**WHAT TO WORK ON:** A single figure is expected: how many lines of the data that follows contain the word "exhaust".

**GIVEN INFORMATION:**
text \<open>A block permutation permutes each block of some partition of the naturals into finite
  intervals; the cuts between blocks are the \<open>c\<close> with \<open>segment_invariant l c\<close>.\<close>

definition block_perm :: "(nat \<Rightarrow> nat) \<Rightarrow> bool" where
  "block_perm l \<longleftrightarrow> bij l \<and> (\<forall>N. \<exists>c\<ge>N. segment_invariant l c)"

definition chain_layer :: "(nat \<Rightarrow> 'a set) \<Rightarrow> nat \<Rightarrow> 'a set" where
  "chain_layer Z k = Z k - (\<Union>j<k. Z j)"

lemma block_permI: "bij l \<Longrightarrow> (\<And>N. \<exists>c\<ge>N. segment_invariant l c) \<Longrightarrow> block_perm l"
  by (simp add: block_perm_def)

lemma chains_bij:
  fixes X :: "nat \<Rightarrow> 'a set" and Y :: "nat \<Rightarrow> 'b set"
  assumes mono: "\<And>k. X k \<subseteq> X (Suc k)" "\<And>k. Y k \<subseteq> Y (Suc k)"
    and finite: "\<And>k. finite (X k)" "\<And>k. finite (Y k)"
    and card: "\<And>k. card (X k) = card (Y k)"
    and exhaust: "(\<Union>k. X k) = UNIV" "(\<Union>k. Y k) = UNIV"
  obtains b where "bij b" "\<And>k. b ` X k = Y k"
proof -
  have monoX: "j \<le> k \<Longrightarrow> X j \<subseteq> X k" and monoY: "j \<le> k \<Longrightarrow> Y j \<subseteq> Y k" for j k
    using lift_Suc_mono_le[of X, OF mono(1)] lift_Suc_mono_le[of Y, OF mono(2)] by blast+
  have chain_layer_Suc: "chain_layer X (Suc k) = X (Suc k) - X k" "chain_layer Y (Suc k) = Y (Suc k) - Y k" for k
    using monoX monoY by (fastforce simp: chain_layer_def less_Suc_eq_le)+
  have "card (chain_layer X k) = card (chain_layer Y k)" for k
  proof (cases k)
    case 0
    then show ?thesis
      using card by (simp add: chain_layer_def)
  next
    case (Suc j)
    then show ?thesis
      using mono finite card by (simp add: chain_layer_Suc card_Diff_subset)
  qed
  then have "\<exists>bk. bij_betw bk (chain_layer X k) (chain_layer Y k)" for k
    by (intro finite_same_card_bij) (simp_all add: chain_layer_def finite)
  then obtain bl where bl: "\<And>k. bij_betw (bl k) (chain_layer X k) (chain_layer Y k)"
    by metis
  define b where "b x = bl (LEAST k. x \<in> X k) x" for x
  have least: "(LEAST k. x \<in> X k) = k" if "x \<in> chain_layer X k" for x k
    using that by (intro Least_equality) (auto simp: chain_layer_def not_le)
  have layer: "bij_betw b (chain_layer X k) (chain_layer Y k)" for k
    using bl[of k] by (rule bij_betw_cong[THEN iffD2, rotated]) (simp add: b_def least)
  have bX: "bij_betw b (X k) (Y k)" for k
  proof (induction k)
    case 0
    then show ?case
      using layer[of 0] by (simp add: chain_layer_def)
  next
    case (Suc k)
    have "bij_betw b (X k \<union> chain_layer X (Suc k)) (Y k \<union> chain_layer Y (Suc k))"
      by (rule bij_betw_combine[OF Suc.IH layer]) (auto simp: chain_layer_Suc)
    then show ?case
      using mono by (simp add: chain_layer_Suc Un_absorb1 Un_Diff_cancel)
  qed
  have "bij_betw b (\<Union>k. X k) (\<Union>k. Y k)"
    by (rule bij_betw_UNION_chain[OF _ bX]) (meson le_cases monoX)
  then show ?thesis
    using that bX exhaust by (simp add: bij_betw_def)
qed

lemma obtain_absorbing_sequence:
  fixes p q :: "nat \<Rightarrow> nat"
  obtains r :: "nat \<Rightarrow> nat"
  where "strict_mono r" "\<And>k. p ` {..<r k} \<subseteq> {..<r (Suc k)}" "\<And>k. q ` {..<r k} \<subseteq> {..<r (Suc k)}"
proof
  define r where "r = rec_nat 0 (\<lambda>k rk. Suc (rk + (\<Sum>i<rk. p i + q i)))"
  have rSuc: "r (Suc k) = Suc (r k + (\<Sum>i<r k. p i + q i))" for k
    by (simp add: r_def)
  then show "strict_mono r"
    by (simp add: strict_mono_Suc_iff)
  have "p i + q i \<le> (\<Sum>i<r k. p i + q i)" if "i < r k" for i k
    using that by (intro member_le_sum) auto
  then show "p ` {..<r k} \<subseteq> {..<r (Suc k)}" "q ` {..<r k} \<subseteq> {..<r (Suc k)}" for k
    unfolding rSuc by fastforce+
qed

lemma bij_nat_obtains_interleaving_bij:
  fixes p :: "nat \<Rightarrow> nat"
  assumes p: "bij p"
  obtains r b where "\<And>n k. n \<le> k \<Longrightarrow> n < r (Suc k)" "bij b"
    "\<And>k. b ` {..<r (Suc (2 * k))} = {..<r (Suc (2 * k))}"
    "\<And>k. b ` inv p ` {..<r (Suc (Suc (2 * k)))} = {..<r (Suc (Suc (2 * k)))}"
proof -
  obtain r where r: "strict_mono r" "\<And>k. p ` {..<r k} \<subseteq> {..<r (Suc k)}"
    "\<And>k. inv p ` {..<r k} \<subseteq> {..<r (Suc k)}"
    using obtain_absorbing_sequence[of p "inv p"] by blast
  define X where "X k = (if even k then {..<r (Suc k)} else inv p ` {..<r (Suc k)})" for k
  define Y where "Y k = {..<r (Suc k)}" for k
  have stage: "n < r (Suc k)" if "n \<le> k" for n k
    using strict_mono_imp_increasing[OF r(1), of "Suc k"] that by simp
  have "X k \<subseteq> X (Suc k)" for k
    using r(2)[of "Suc k"] r(3)[of "Suc k"] p
    by (auto simp: X_def image_subset_iff bij_is_inj inv_f_f intro!: image_eqI[where x = "p _"])
  moreover have "Y k \<subseteq> Y (Suc k)" for k
    using strict_monoD[OF r(1), of "Suc k" "Suc (Suc k)"] by (auto simp: Y_def)
  moreover have "finite (X k)" "finite (Y k)" for k
    by (simp_all add: X_def Y_def)
  moreover have "card (X k) = card (Y k)" for k
  proof -
    have "inj_on (inv p) {..<r (Suc k)}"
      using p by (meson bij_imp_bij_inv bij_is_inj inj_on_subset subset_UNIV)
    then show ?thesis
      by (simp add: X_def Y_def card_image)
  qed
  moreover have "(\<Union>k. X k) = UNIV" "(\<Union>k. Y k) = UNIV"
  proof -
    have "n \<in> X (2 * n)" "n \<in> Y n" for n
      using stage[of n] by (simp_all add: X_def Y_def)
    then show "(\<Union>k. X k) = UNIV" "(\<Union>k. Y k) = UNIV"
      by blast+
  qed
  ultimately obtain b where b: "bij b" "\<And>k. b ` X k = Y k"
    by (rule chains_bij) blast
  have "b ` {..<r (Suc (2 * k))} = {..<r (Suc (2 * k))}"
    "b ` inv p ` {..<r (Suc (Suc (2 * k)))} = {..<r (Suc (Suc (2 * k)))}" for k
    using b(2)[of "2 * k"] b(2)[of "Suc (2 * k)"] by (simp_all add: X_def Y_def)
  with stage b(1) show ?thesis
    using that by blast
qed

**FINISHED EXERCISE:** 2